When he said Caleum’s name again, though, Libbie turned silent and moved away from the rest of them.
“Libbie, what’s wrong with you?” Adelia asked, seeing that the younger woman was upset.
“Aunt Adelia, Caleum isn’t coming back,” Libbie said coldly, forgetting Lucky and Rose were still there. “Maybe we can get help from the neighbors or hire hands to help us build, but if we wait for Caleum we will be living out in the woods come next winter.”
Her words wounded Adelia to the core, and tears began to fall from the old woman’s eyes, seeming to trace each wrinkle of her face. “That is not so,” she said, but then spoke no more, being consumed with crying.
“Stop your tears,” Magnus told his wife crossly. “She doesn’t know what she’s talking about, and you know better than listen to her.” For he had been at Stonehouses longest of all, and they had never given up on their people. “Libbie, we’ve always buried our people when they died, but not before that,” he told the younger woman, gently but with a finality that did not allow for argument.
Libbie felt very ashamed of herself then, and apologized for what she had said. “It has been a difficult day,” she tried to explain, turning her head low. “I did not mean it to sound hateful.”

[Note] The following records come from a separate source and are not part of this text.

section \<open>Powers of two modulo an odd number\<close>

text \<open>No k > 1 divides 2^k - 1: the order of 2 modulo the least prime factor p of k
  divides both k and p - 1, hence has no prime factor, so 2 = 1 (mod p).\<close>
lemma not_dvd_pow2_minus_1:
  fixes k :: nat
  assumes "k > 1"
  shows "\<not> k dvd 2 ^ k - 1"
proof
  assume k_dvd: "k dvd 2 ^ k - 1"
  define p where "p = (LEAST p. prime p \<and> p dvd k)"
  have p: "prime p \<and> p dvd k"
    unfolding p_def by (rule LeastI_ex) (use prime_factor_nat assms in auto)
  have p_least: "p \<le> q" if "prime q" "q dvd k" for q
    unfolding p_def by (rule Least_le) (use that in blast)
  have p_dvd: "p dvd 2 ^ k - 1" using p dvd_trans[OF _ k_dvd] by blast
  have "odd (2 ^ k - 1 :: nat)" using assms by simp
  hence "odd p" using dvd_trans[OF _ p_dvd] by blast
  hence p_gt_2: "p > 2" using p prime_gt_1_nat[of p] by (cases "p = 2") auto
  have cop: "coprime p 2" using \<open>odd p\<close> by (simp add: coprime_commute)
  have "[2 ^ k = 1] (mod p)" using p_dvd by (simp add: cong_altdef_nat)
  hence ord_dvd_k: "ord p 2 dvd k" by (simp only: ord_divides)
  have ord_dvd_p: "ord p 2 dvd p - 1"
    using order_divides_totient[OF cop] totient_prime p by simp
  have "ord p 2 = 1"
  proof (rule ccontr)
    assume "ord p 2 \<noteq> 1"
    then obtain q where q: "prime q" "q dvd ord p 2" using prime_factor_nat by blast
    hence "q dvd k" and "q dvd p - 1"
      using dvd_trans[OF _ ord_dvd_k] dvd_trans[OF _ ord_dvd_p] by blast+
    hence "q \<le> p - 1" using p_gt_2 by (simp add: dvd_imp_le)
    moreover have "p \<le> q" using p_least q(1) \<open>q dvd k\<close> .
    ultimately show False using p_gt_2 by linarith
  qed
  hence "[2 = 1] (mod p)" using ord_eq_Suc_0_iff by simp
  thus False using p_gt_2 by (simp add: cong_def)
qed

lemma pow2_cong_iff:
  fixes k :: nat
  assumes "odd k"
  shows "[2 ^ i = 2 ^ j] (mod k) \<longleftrightarrow> i mod ord k 2 = j mod ord k 2"
proof -
  have "coprime k 2" using assms by (simp add: coprime_commute)
  thus ?thesis using order_divides_expdiff by (simp add: cong_def)
qed

lemma ord2_pos: "odd (k::nat) \<Longrightarrow> ord k 2 > 0"
  by (simp add: coprime_commute)

lemma dvd_all_but_one_iff:
  fixes k m i :: nat
  assumes "i \<le> m"
  shows "k dvd 2 ^ Suc m - 1 - 2 ^ i \<longleftrightarrow> [2 ^ i = 2 ^ Suc m - 1] (mod k)"
proof -
  have "(2::nat) ^ i \<le> 2 ^ m" by (rule power_increasing) (use assms in auto)
  moreover have "(2::nat) ^ m > 0" and "(2::nat) ^ Suc m = 2 * 2 ^ m" by simp_all
  ultimately have "2 ^ i \<le> (2::nat) ^ Suc m - 1" by linarith
  from cong_altdef_nat[OF this] show ?thesis by (simp only: cong_sym_eq)
qed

“I know, dear,” Magnus answered, not wanting more strife to befall the house than already had.
“I will cook something for us to have for dinner,” Adelia interrupted, standing to go out to the exposed kitchen. When Libbie volunteered to help her, Adelia accepted gladly, and the two went off, leaving the girls and Magnus alone by themselves.
Magnus slumped down in his chair and closed his eyes, thinking to rest before he ate. However, Rose and Lucky, who were normally very shy with him, came and sat near his feet and looked up at him as he nodded.
Magnus felt their eyes upon him and sat up again in his chair. “We had a great setback today,” he said, looking down to them, “but we will get beyond it. Just as everything outside that window used to be wild until your great-grandfather, Jasper Merian, came here. He tamed the land, and built the house over across the lake from nothing but his own will. Maybe, though, it is not enough to only build once, but you must improve on what you have done, and sometimes build it over, if God wants you to prove yourself again. This is our place, though, and as long as we don’t do anything to foul that up it will always be so, and we will always be blessed.”
The girls let his words wash over them, not certain what he was telling them, or even that he was talking to them at all, but pleased to have his attention and warm mood. He in his turn spoke as he could only to the two of them, as they were after all his blood and his future.